Living and working in an outer Metro area, we have a pathology collection center next door to our practice. However, testing are not done there, so our results also take multiple hours to become available even if marked urgent. For monitoring of Diabetes control through HbA1c, I am happy to wait even a few days, as it is still relatively easy to get the Metro patient back in the surgery a few days later. However, a rapid Trop T, WCC and CRP would be extremely beneficial to make more informed clinical decisions. At present any patient who has severe RIF pain without prior appendectomy, goes for urgent blood tests and imaging. Often imaging report states that appendix could not be visualized; appendicitis not be excluded. Please correlate with biochemical results. Even if the consultation was first thing in the morning, it often happens that I cannot reassure the parents of the child complaining about pain by 5 pm as I’m still waiting for results. So, tempting! Even in the city.


Dr Janice Margaret Bell   2/07/2020 10:50:57 AM

Long overdue. Keep up the great work Mark and the RACGP!
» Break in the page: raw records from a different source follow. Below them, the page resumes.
(* Let $\mathcal E\subset\mathcal L^n$ contain all balls and let $\diamond:\mathcal E\to\mathcal L^n$ be sequentially approximable on $\mathcal E$ by polarizations. Then there is a hyperplane $H$ such that for each ball $B$ in $\mathbb{R}^n$, $\diamond B=\diamond B^\dagger$ up to a null set, where $B^\dagger$ is the reflection of $B$ in $H$. Consequently, translations, Brock set maps with parameter $b\in(0,1]$, and Solynin set maps (with respect to arbitrary hyperplanes) are not sequentially approximable on $\mathcal E$ by polarizations.
   Context: $\mathcal L^n$: measurable subsets of $\mathbb{R}^n$ of finite measure. Set polarization with respect to an oriented hyperplane $H$ (closed halfspaces $H^\pm$, reflection $A^\dagger$): $(P_HA)\cap H^+=(A\cup A^\dagger)\cap H^+$, $(P_HA)\cap H^-=(A\cap A^\dagger)\cap H^-$. $\diamond$ is sequentially approximable on $\mathcal E$ by polarizations if there are polarizations $\diamond_k$ with $\|1_{(\diamond_k\circ\cdots\circ\diamond_1)A}-1_{\diamond A}\|_1\to0$ for all $A\in\mathcal E$. The Brock set map with parameter $b$ relative to $H_0=u^\perp+t_0u$ maps each ball $B(x,r)$ to $B(x+(b-1)(\langle x,u\rangle-t_0)u,r)$ (up to null sets). The Solynin set map relative to an oriented hyperplane $H_0$ acts on each line orthogonal to $H_0$, identified with $\mathbb{R}$ with $H_0$ corresponding to $t$, by $A\mapsto[t-r_A,t+r_A]\cup(A\cap[t,\infty))$ with $r_A\ge0$ chosen to preserve measure; in particular it fixes balls in $H_0^+$ and maps balls with center in the open negative side to balls centered in $H_0$. *)

theory Defs
  imports "HOL-Analysis.Analysis"
begin

definition Ln :: "'a::euclidean_space set set" where
  "Ln = {A. A \<in> sets lebesgue \<and> emeasure lebesgue A < \<infinity>}"

text \<open>An oriented hyperplane is given by a unit normal u and an offset t:
  H = {x. x \<bullet> u = t}, closed halfspaces H+ = {x. x \<bullet> u \<ge> t},
  H- = {x. x \<bullet> u \<le> t}.\<close>
definition reflect :: "'a::euclidean_space \<Rightarrow> real \<Rightarrow> 'a \<Rightarrow> 'a" where
  "reflect u t x = x - (2 * (x \<bullet> u - t)) *\<^sub>R u"

definition polarize :: "'a::euclidean_space \<Rightarrow> real \<Rightarrow> 'a set \<Rightarrow> 'a set" where
  "polarize u t A =
     ((A \<union> reflect u t ` A) \<inter> {x. x \<bullet> u \<ge> t}) \<union>
     ((A \<inter> reflect u t ` A) \<inter> {x. x \<bullet> u \<le> t})"

fun iter_pol :: "(nat \<Rightarrow> 'a::euclidean_space \<times> real) \<Rightarrow> nat \<Rightarrow> 'a set \<Rightarrow> 'a set" where
  "iter_pol H 0 A = A"
| "iter_pol H (Suc k) A = polarize (fst (H k)) (snd (H k)) (iter_pol H k A)"

definition L1_dist :: "'a::euclidean_space set \<Rightarrow> 'a set \<Rightarrow> ennreal" where
  "L1_dist X Y = (\<integral>\<^sup>+ x. ennreal \<bar>indicator X x - indicator Y x\<bar> \<partial>lebesgue)"

definition seq_approx :: "'a::euclidean_space set set \<Rightarrow> ('a set \<Rightarrow> 'a set) \<Rightarrow> bool" where
  "seq_approx E D \<longleftrightarrow>
     (\<exists>H :: nat \<Rightarrow> 'a \<times> real. (\<forall>k. norm (fst (H k)) = 1) \<and>
        (\<forall>A\<in>E. ((\<lambda>k. L1_dist (iter_pol H k A) (D A)) \<longlonglongrightarrow> 0)))"

text \<open>Solynin set map relative to the oriented hyperplane (u,t) (u a unit vector):
  on the line through y (y \<in> u-orthogonal complement) the slice
  S = {s. y + s u \<in> A} is replaced by [t - r, t + r] \<union> (S \<inter> [t,\<infinity>)),
  with r \<ge> 0 chosen to preserve the (one-dimensional) measure.\<close>
definition slice :: "'a::euclidean_space \<Rightarrow> 'a set \<Rightarrow> 'a \<Rightarrow> real set" where
  "slice u A y = {s. y + s *\<^sub>R u \<in> A}"

definition sol_radius :: "real \<Rightarrow> real set \<Rightarrow> real" where
  "sol_radius t S = (THE r. r \<ge> 0 \<and>
      emeasure lebesgue ({t - r..t + r} \<union> (S \<inter> {t..})) = emeasure lebesgue S)"

definition solynin :: "'a::euclidean_space \<Rightarrow> real \<Rightarrow> 'a set \<Rightarrow> 'a set" where
  "solynin u t A = {x. let y = x - (x \<bullet> u) *\<^sub>R u; S = slice u A y in
      x \<bullet> u \<in> {t - sol_radius t S..t + sol_radius t S} \<union> (S \<inter> {t..})}"

end

theory Submission
  imports Defs
begin

(* Since P_H(A^dagger) = P_H(A), the first polarization of an approximating sequence sends a
   set and its mirror image in the first hyperplane H to the same set, and so do all later
   compositions. The images of a ball and of its mirror ball are therefore L^1-limits of one
   and the same sequence, hence agree almost everywhere. A translation or a Brock map sends
   suitable mirror balls to disjoint balls, and a Solynin map fixes a ball lying above H_0
   while squeezing a suitable mirror ball into a thin band around H_0, so none of these maps
   has this symmetry. *)

lemma inner_reflect_unit: "norm u = 1 \<Longrightarrow> reflect u t x \<bullet> u = 2 * t - x \<bullet> u"
  by (simp add: reflect_def norm_eq_1 algebra_simps)

lemma reflect_reflect: "norm u = 1 \<Longrightarrow> reflect u t (reflect u t x) = x"
  by (simp add: reflect_def [of u t "reflect u t x"] inner_reflect_unit)
     (simp add: reflect_def algebra_simps)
Dr Peter JD Spafford   2/07/2020 2:31:23 PM

As long as the Medicare rebate is not applied on a racial basis and available to ALL Australians and not just ATSI


Dr Louise Margaret Acland   2/07/2020 7:35:13 PM

The RACGP standards for General Practice Committee, which I chair, has developed a standard for point of care testing in general practice which has been accredited by ISQUA.
The development of this standard was a prerequisite needed before Medicare item numbers for point of care testing could be introduced.
Let’s hope we soon have these item numbers available to enhance our clinical decision making and patient safety.